Incremental Compiler Project
The goal of this project is to turn GCC into an incremental compiler. GCC will run as a server and maintain a model of the user's program. When a translation unit is recompiled, GCC will re-compile the minimum necessary. Read the announcement and check out the branch at svn://gcc.gnu.org/svn/gcc/branches/incremental-compiler
- Faster turnaround time for changes.
- Eventually, ability to ask server for information about program.
- Change GCC to run as a server
- Change front ends (C and C++ are planned) to re-use results of parsing across translation units
- Change GCC to be able to generate a single object file per top-level definition
- Change GCC to be able to parse in multiple threads. This means removing globals from the front ends
- and teaching the GC about threads.
- Initial server code is checked in. This shares parsed contents across translation units.
Initial results are that this uses 1/2 the time and 1/3 the memory of an ordinary (--combine) compilation.
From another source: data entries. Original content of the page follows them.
(* Let $n,\Delta>0$ be integers and $\mu,\eta$ positive reals. Let $V$ be a set of size $n$ and $\mathcal{B}\subseteq\binom{V}{\Delta}$ a family of $\Delta$-sets with $|\mathcal{B}|\le\mu n^\Delta$. Then at most $(\Delta!/\eta^{\Delta-1})\mu n$ vertices of $V$ are $\eta n$-corrupted by $\mathcal{B}$.
   Context: For $\mathcal{B}\subseteq\binom{V}{\Delta}$ and a real $x>0$: every $B\in\mathcal{B}$ is called $x$-corrupted by $\mathcal{B}$; recursively, for $i=\Delta-1,\Delta-2,\dots,1$, an $i$-set $B\subseteq V$ is $x$-corrupted by $\mathcal{B}$ if it is contained in more than $x$ of the $(i+1)$-sets that are $x$-corrupted by $\mathcal{B}$. A vertex $v$ is $x$-corrupted if the $1$-set $\{v\}$ is. *)

theory Defs
  imports Complex_Main
begin

text \<open>corr_sets V B x D j is the family of (D - j)-subsets of V that are x-corrupted by B
  (for j < D).\<close>
fun corr_sets :: "'a set \<Rightarrow> 'a set set \<Rightarrow> real \<Rightarrow> nat \<Rightarrow> nat \<Rightarrow> 'a set set" where
  "corr_sets V B x D 0 = B"
| "corr_sets V B x D (Suc j) =
     {S. S \<subseteq> V \<and> card S = D - Suc j \<and>
         x < real (card {T \<in> corr_sets V B x D j. S \<subseteq> T})}"

definition corrupted_vertex :: "'a set \<Rightarrow> 'a set set \<Rightarrow> real \<Rightarrow> nat \<Rightarrow> 'a \<Rightarrow> bool" where
  "corrupted_vertex V B x D v \<longleftrightarrow> {v} \<in> corr_sets V B x D (D - 1)"

end

theory Submission
  imports Defs
begin

text \<open>Double counting the pairs (S, T) with S \<subseteq> T between consecutive levels shows that
  passing from one level of corrupted sets to the next multiplies the size by at most
  (size of the larger sets) / x. Iterating from the \<Delta>-sets down to the singletons gives
  at most \<Delta>! |\<B>| / x^(\<Delta>-1) corrupted vertices; now use |\<B>| \<le> \<mu> n^\<Delta> and x = \<eta> n.\<close>

lemma card_codim1_subsets_le:
  assumes "finite T" and "card T = Suc k" and "\<And>S. S \<in> G \<Longrightarrow> card S = k"
  shows "card {S \<in> G. S \<subseteq> T} \<le> Suc k"
proof -
  have "card {S \<in> G. S \<subseteq> T} \<le> card {S. S \<subseteq> T \<and> card S = k}"
    by (rule card_mono) (use assms in auto)
  also have "\<dots> = Suc k"
    using assms(1,2) by (simp add: n_subsets)
  finally show ?thesis .
qed

lemma card_heavy_subsets_le:
  fixes F G :: "'a set set" and x :: real
  assumes "finite F" and "finite G"
    and "\<And>T. T \<in> F \<Longrightarrow> finite T \<and> card T = Suc k"
    and "\<And>S. S \<in> G \<Longrightarrow> card S = k \<and> x < real (card {T \<in> F. S \<subseteq> T})"
  shows "x * real (card G) \<le> real (Suc k) * real (card F)"
proof -
  have "x * real (card G) = (\<Sum>S\<in>G. x)"
    by simp
  also have "\<dots> \<le> (\<Sum>S\<in>G. real (card {T \<in> F. S \<subseteq> T}))"
    by (rule sum_mono) (use assms(4) in force)
  also have "\<dots> = (\<Sum>S\<in>G. \<Sum>T\<in>F. if S \<subseteq> T then 1 else 0)"
    using assms(1) by (simp add: sum.If_cases Int_def)
  also have "\<dots> = (\<Sum>T\<in>F. \<Sum>S\<in>G. if S \<subseteq> T then 1 else 0)"
    by (rule sum.swap)
  also have "\<dots> = (\<Sum>T\<in>F. real (card {S \<in> G. S \<subseteq> T}))"
    using assms(2) by (simp add: sum.If_cases Int_def)
  also have "\<dots> \<le> (\<Sum>T\<in>F. real (Suc k))"
    using assms(3,4) card_codim1_subsets_le[of _ k G]
    by (intro sum_mono) (simp only: of_nat_le_iff)
  finally show ?thesis
    by (simp add: mult.commute)
qed

context
  fixes V :: "'a set" and B :: "'a set set" and x :: real and D :: nat
  assumes finite_V: "finite V" and B_subsets: "B \<subseteq> {S. S \<subseteq> V \<and> card S = D}"
begin

lemma corr_sets_subsets: "S \<in> corr_sets V B x D j \<Longrightarrow> S \<subseteq> V \<and> card S = D - j"
  using B_subsets by (cases j) auto

lemma finite_corr_sets: "finite (corr_sets V B x D j)"
proof (rule finite_subset)
  show "corr_sets V B x D j \<subseteq> Pow V"
    using corr_sets_subsets by blast
qed (use finite_V in simp)

lemma card_corr_sets_le:
  assumes "x > 0" and "j < D"
  shows "x ^ j * fact (D - j) * real (card (corr_sets V B x D j)) \<le> fact D * real (card B)"
  using assms(2)
proof (induction j)
  case 0
  then show ?case by simp
next
  case (Suc j)
  let ?L = "corr_sets V B x D"
  have D_j: "D - j = Suc (D - Suc j)"
    using Suc.prems by simp
  have "x * real (card (?L (Suc j))) \<le> real (D - j) * real (card (?L j))"
    unfolding D_j
  proof (rule card_heavy_subsets_le[OF finite_corr_sets finite_corr_sets])
    fix T assume "T \<in> ?L j"
    then have "T \<subseteq> V" and "card T = D - j"
      using corr_sets_subsets by blast+
    then show "finite T \<and> card T = Suc (D - Suc j)"
      using finite_V D_j by (auto intro: finite_subset)
  qed simp
  then have "x ^ Suc j * fact (D - Suc j) * real (card (?L (Suc j)))
      \<le> x ^ j * fact (D - Suc j) * (real (D - j) * real (card (?L j)))"
    using assms(1) by (simp add: mult.assoc mult_left_mono)
  also have "\<dots> = x ^ j * fact (D - j) * real (card (?L j))"
    unfolding D_j by simp
  also have "\<dots> \<le> fact D * real (card B)"
    using Suc by simp
  finally show ?case .
qed

lemma card_corrupted_vertices_le:
  assumes "x > 0" and "D > 0"
  shows "x ^ (D - 1) * real (card {v \<in> V. corrupted_vertex V B x D v}) \<le> fact D * real (card B)"
proof -
  let ?L = "corr_sets V B x D (D - 1)"
  have "{v \<in> V. corrupted_vertex V B x D v} \<subseteq> the_elem ` ?L"
    unfolding corrupted_vertex_def by (auto intro: rev_image_eqI)
  then have "card {v \<in> V. corrupted_vertex V B x D v} \<le> card (the_elem ` ?L)"
    by (rule card_mono[OF finite_imageI[OF finite_corr_sets]])
  also have "\<dots> \<le> card ?L"
    by (rule card_image_le[OF finite_corr_sets])
  finally have "x ^ (D - 1) * real (card {v \<in> V. corrupted_vertex V B x D v})
      \<le> x ^ (D - 1) * fact (D - (D - 1)) * real (card ?L)"
    using assms(1,2) by (simp add: mult_left_mono)
  also have "\<dots> \<le> fact D * real (card B)"
    by (rule card_corr_sets_le[OF assms(1)]) (use assms(2) in simp)
  finally show ?thesis .
qed

end

theorem lemma11p7:
  fixes V :: "'a set" and B :: "'a set set" and n \<Delta> :: nat and \<mu> \<eta> :: real
  assumes "finite V" and "card V = n" and "n > 0" and "\<Delta> > 0"
    and "\<mu> > 0" and "\<eta> > 0"
    and "B \<subseteq> {S. S \<subseteq> V \<and> card S = \<Delta>}"
    and "real (card B) \<le> \<mu> * real n ^ \<Delta>"
  shows "real (card {v \<in> V. corrupted_vertex V B (\<eta> * real n) \<Delta> v})
           \<le> (fact \<Delta> / \<eta> ^ (\<Delta> - 1)) * \<mu> * real n"
proof -
  let ?C = "real (card {v \<in> V. corrupted_vertex V B (\<eta> * real n) \<Delta> v})"
  have pos: "(\<eta> * real n) ^ (\<Delta> - 1) > 0"
    using assms(3,6) by simp
  have n_pow: "real n ^ \<Delta> = real n ^ (\<Delta> - 1) * real n"
    using assms(4) by (simp add: power_eq_if)
  have "(\<eta> * real n) ^ (\<Delta> - 1) * ?C \<le> fact \<Delta> * real (card B)"
    using card_corrupted_vertices_le[OF assms(1,7)] assms(3,4,6) by simp
  also have "\<dots> \<le> fact \<Delta> * (\<mu> * real n ^ \<Delta>)"
    using assms(8) by (simp add: mult_left_mono)
  also have "\<dots> = (\<eta> * real n) ^ (\<Delta> - 1) * ((fact \<Delta> / \<eta> ^ (\<Delta> - 1)) * \<mu> * real n)"
    using assms(6) by (simp add: n_pow power_mult_distrib)
  finally show ?thesis
    using pos by (simp only: mult_le_cancel_left_pos)
qed

end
To use, run gcc --server then set the environment variable GCCSERVER. Now gcc will contact the server.
Driver and UI
- It seems important to have the least impact on how users invoke gcc. The current implementation requires starting the server and setting an environment variable. (We could remove the environment variable at the expense of an attempt to open a socket per invocation.)
Currently gcc --server only starts cc1. Eventually we at least want it to be able to start cc1plus. Then gcc --kill-server will have to try to contact all available servers.
Another possibility is to turn each FE into a shared library and then dlopen them as needed.
- One important detail is interrupting the server -- the server should gracefully stop a job in response to a control-c. I think this can be reasonably handled by having the parser occasionally check for an interrupt state, and then have it stop parsing (perhaps this could be done deep in the parser with the use of longjmp). (This may require some cpp work to ensure files are closed at the proper points.) After code generation has started, an interrupt of the driver should simply kill the back-end process. (An initial implementation of this was checked in on 2008-01-18.)
The server code is largely isolated in server.c, with a few changes in toplev.c. The client code is also in server.c.
- The client connects to the server over a unix domain socket; this seemed like the simplest approach for good security.
The protocol is an ad hoc one; all protocol details are private to server.c. Eventually we should support a more robust protocol, for instance one that supports queries by IDEs.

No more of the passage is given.